Article Text
Abstract
Introduction/Background In treating advanced ovarian cancer marked by extensive peritoneal carcinomatosis, the optimal approach often combines cytoreductive surgery (CRS) and systemic chemotherapy. Hyperthermic Intraperitoneal Chemotherapy (HIPEC) is explored as a complement method to CRS, exhibiting direct tumor cell exposure to cytotoxic drugs and potentially enhanced chemotherapeutic efficacy with hyperthermia. However, significant adverse effects and a reported HIPEC-related mortality rate of up to 10% limits its widespread adoption in standard clinical practice. This study aimed to present both survival and adverse treatment results for advanced ovarian cancer patients undergoing HIPEC, considering patients differences, characteristics and localization of tumor and therapeutic protocols.
Methodology Medical data from all patients with advance stage ovarian cancer undergoing HIPEC over five years were analyzed. A multidisciplinary team guided treatment decisions based on factors such as age, Karnofsky status, ascites analysis, Peritoneal Cancer Index (PCI), and risk for peritoneal dissemination. HIPEC, following Sugarbaker’s PCI criteria in selected patients post-CRS, utilized a closed approach method and a 90-minute chemotherapeutic regimen of doxorubicin and cisplatin.
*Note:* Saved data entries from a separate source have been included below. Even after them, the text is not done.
(* Let $G$ be a $(2K_2, K_1+C_4)$-free graph. Then $\chi(G)\le \omega(G)+5$.
   Context: All graphs are finite, simple and undirected. $C_4$ is the cycle on 4 vertices; $2K_2$ is the disjoint union of two edges; $K_1+C_4$ is the graph obtained from $C_4$ by adding a vertex adjacent to all four of its vertices. A graph is $\mathcal F$-free if it has no induced subgraph isomorphic to a member of $\mathcal F$. $\chi$ is the chromatic number and $\omega$ the clique number. *)

theory Defs
  imports Main
begin

definition simple_graph :: "'a set \<Rightarrow> ('a \<Rightarrow> 'a \<Rightarrow> bool) \<Rightarrow> bool" where
  "simple_graph V E \<longleftrightarrow> finite V \<and> (\<forall>u v. E u v \<longrightarrow> u \<in> V \<and> v \<in> V)
     \<and> (\<forall>u v. E u v \<longrightarrow> E v u) \<and> (\<forall>v. \<not> E v v)"

definition has_induced :: "'a set \<Rightarrow> ('a \<Rightarrow> 'a \<Rightarrow> bool) \<Rightarrow> 'b set \<Rightarrow> ('b \<Rightarrow> 'b \<Rightarrow> bool) \<Rightarrow> bool" where
  "has_induced V E W F \<longleftrightarrow> (\<exists>f. inj_on f W \<and> f ` W \<subseteq> V \<and>
      (\<forall>x\<in>W. \<forall>y\<in>W. E (f x) (f y) \<longleftrightarrow> F x y))"

definition twoK2_edges :: "nat \<Rightarrow> nat \<Rightarrow> bool" where
  "twoK2_edges x y \<longleftrightarrow> {x, y} = {0, 1} \<or> {x, y} = {2, 3}"

definition K1C4_edges :: "nat \<Rightarrow> nat \<Rightarrow> bool" where
  "K1C4_edges x y \<longleftrightarrow> {x, y} = {0, 1} \<or> {x, y} = {1, 2} \<or> {x, y} = {2, 3} \<or> {x, y} = {3, 0}
     \<or> {x, y} = {4, 0} \<or> {x, y} = {4, 1} \<or> {x, y} = {4, 2} \<or> {x, y} = {4, 3}"

definition is_clique :: "'a set \<Rightarrow> ('a \<Rightarrow> 'a \<Rightarrow> bool) \<Rightarrow> 'a set \<Rightarrow> bool" where
  "is_clique V E K \<longleftrightarrow> K \<subseteq> V \<and> (\<forall>u\<in>K. \<forall>v\<in>K. u \<noteq> v \<longrightarrow> E u v)"

definition clique_number :: "'a set \<Rightarrow> ('a \<Rightarrow> 'a \<Rightarrow> bool) \<Rightarrow> nat" where
  "clique_number V E = Max {card K | K. is_clique V E K}"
Results As of 2021, 22 patients underwent CRS and HIPEC, predominantly due to the high-grade serous carcinoma (20 cases) and a low-grade mucinous and clear cell carcinoma cases in remaining cases. Seventeen patients had primary ovarian cancer, four experienced recurrences. Complications, including pulmonary embolism, superficial femoral vein thrombosis, and ileus, were observed in three cases. No HIPEC-related hematological complications or renal failure occurred. Disease recurrence was noted in one patient after two years, and two patients died post-primary treatment, at 7 months and 4 years, respectively, following CRS and HIPEC.
Conclusion In the examined cohort, there is no distinct evidence supporting HIPEC and related mortality or adverse treatment outcomes.
Disclosures The authors have no conflicts of interest to declare.